= About this exercise =
Where the word "which" appears in a line below, copy the whole line.

Records from a collection
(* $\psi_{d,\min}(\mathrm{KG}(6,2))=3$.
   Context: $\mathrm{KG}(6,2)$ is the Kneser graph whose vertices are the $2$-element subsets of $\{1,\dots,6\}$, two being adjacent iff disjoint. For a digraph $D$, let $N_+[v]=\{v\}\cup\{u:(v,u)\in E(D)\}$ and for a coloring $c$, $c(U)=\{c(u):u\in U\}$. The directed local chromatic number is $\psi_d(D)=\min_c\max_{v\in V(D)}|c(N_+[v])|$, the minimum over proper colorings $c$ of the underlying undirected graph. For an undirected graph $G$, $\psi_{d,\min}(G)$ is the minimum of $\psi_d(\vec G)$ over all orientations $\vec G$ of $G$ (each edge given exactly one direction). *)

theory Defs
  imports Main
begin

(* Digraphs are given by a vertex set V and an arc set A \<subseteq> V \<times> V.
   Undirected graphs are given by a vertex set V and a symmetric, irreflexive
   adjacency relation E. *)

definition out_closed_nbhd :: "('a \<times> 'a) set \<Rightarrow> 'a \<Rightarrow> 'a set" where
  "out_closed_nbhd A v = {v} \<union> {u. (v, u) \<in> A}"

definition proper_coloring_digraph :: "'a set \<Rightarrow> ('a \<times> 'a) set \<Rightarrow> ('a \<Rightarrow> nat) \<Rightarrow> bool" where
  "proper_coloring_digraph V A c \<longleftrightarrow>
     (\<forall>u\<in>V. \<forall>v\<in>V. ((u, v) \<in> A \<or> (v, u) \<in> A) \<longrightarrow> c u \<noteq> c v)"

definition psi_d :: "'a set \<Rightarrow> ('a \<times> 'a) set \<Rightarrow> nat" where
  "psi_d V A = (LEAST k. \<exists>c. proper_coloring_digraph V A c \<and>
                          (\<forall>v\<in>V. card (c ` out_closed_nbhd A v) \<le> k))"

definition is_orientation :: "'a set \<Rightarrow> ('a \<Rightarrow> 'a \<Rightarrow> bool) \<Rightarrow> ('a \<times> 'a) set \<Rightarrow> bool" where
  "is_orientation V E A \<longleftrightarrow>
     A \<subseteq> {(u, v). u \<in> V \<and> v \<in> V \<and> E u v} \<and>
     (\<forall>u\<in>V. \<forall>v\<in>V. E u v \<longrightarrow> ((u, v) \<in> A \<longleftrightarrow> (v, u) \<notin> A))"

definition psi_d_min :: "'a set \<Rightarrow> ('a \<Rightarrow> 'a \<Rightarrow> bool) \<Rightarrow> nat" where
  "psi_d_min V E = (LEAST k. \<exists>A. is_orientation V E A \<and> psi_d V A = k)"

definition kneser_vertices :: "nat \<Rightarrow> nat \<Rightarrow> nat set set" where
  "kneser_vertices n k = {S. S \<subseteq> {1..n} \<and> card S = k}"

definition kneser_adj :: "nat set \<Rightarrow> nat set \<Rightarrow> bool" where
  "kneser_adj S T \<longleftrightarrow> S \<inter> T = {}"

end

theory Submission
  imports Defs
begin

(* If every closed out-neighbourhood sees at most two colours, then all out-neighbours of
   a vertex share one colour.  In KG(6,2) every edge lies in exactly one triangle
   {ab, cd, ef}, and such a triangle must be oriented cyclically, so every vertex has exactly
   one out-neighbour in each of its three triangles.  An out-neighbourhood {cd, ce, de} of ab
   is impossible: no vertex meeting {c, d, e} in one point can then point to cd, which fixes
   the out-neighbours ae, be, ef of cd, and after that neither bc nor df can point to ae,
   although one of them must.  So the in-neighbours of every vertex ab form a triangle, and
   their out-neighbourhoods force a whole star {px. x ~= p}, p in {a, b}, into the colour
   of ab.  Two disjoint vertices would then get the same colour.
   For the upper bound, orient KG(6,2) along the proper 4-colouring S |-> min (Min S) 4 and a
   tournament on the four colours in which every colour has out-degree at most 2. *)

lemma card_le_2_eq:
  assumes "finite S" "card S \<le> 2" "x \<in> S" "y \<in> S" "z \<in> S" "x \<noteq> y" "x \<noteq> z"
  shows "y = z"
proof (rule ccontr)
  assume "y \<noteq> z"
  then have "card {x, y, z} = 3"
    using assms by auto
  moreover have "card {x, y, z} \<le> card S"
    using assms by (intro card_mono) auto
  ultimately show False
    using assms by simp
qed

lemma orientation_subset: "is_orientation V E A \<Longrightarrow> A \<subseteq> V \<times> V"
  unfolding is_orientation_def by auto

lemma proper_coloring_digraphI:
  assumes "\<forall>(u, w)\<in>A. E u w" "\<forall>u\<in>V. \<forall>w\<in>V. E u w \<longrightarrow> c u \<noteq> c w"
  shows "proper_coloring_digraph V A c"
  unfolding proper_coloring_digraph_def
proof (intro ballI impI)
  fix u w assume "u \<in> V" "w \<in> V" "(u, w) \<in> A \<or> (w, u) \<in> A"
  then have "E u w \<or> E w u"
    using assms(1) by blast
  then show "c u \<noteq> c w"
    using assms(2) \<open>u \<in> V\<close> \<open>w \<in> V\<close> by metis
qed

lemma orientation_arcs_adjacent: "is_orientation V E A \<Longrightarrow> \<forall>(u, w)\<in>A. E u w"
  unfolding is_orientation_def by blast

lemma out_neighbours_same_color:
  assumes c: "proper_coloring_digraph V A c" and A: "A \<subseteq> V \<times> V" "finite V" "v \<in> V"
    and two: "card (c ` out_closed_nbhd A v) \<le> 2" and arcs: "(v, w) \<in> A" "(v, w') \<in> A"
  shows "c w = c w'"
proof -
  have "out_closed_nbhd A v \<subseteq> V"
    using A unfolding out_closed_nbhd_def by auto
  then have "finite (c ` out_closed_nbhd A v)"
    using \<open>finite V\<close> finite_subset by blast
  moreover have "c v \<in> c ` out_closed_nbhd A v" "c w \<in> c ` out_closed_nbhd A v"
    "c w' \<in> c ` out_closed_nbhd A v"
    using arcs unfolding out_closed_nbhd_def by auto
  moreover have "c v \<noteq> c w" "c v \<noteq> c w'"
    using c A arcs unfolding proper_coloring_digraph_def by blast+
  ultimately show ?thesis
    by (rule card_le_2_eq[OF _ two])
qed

= Worked solution =
   is impossible: no vertex meeting {c, d, e} in one point can then point to cd, which fixes
   tournament on the four colours in which every colour has out-degree at most 2. *)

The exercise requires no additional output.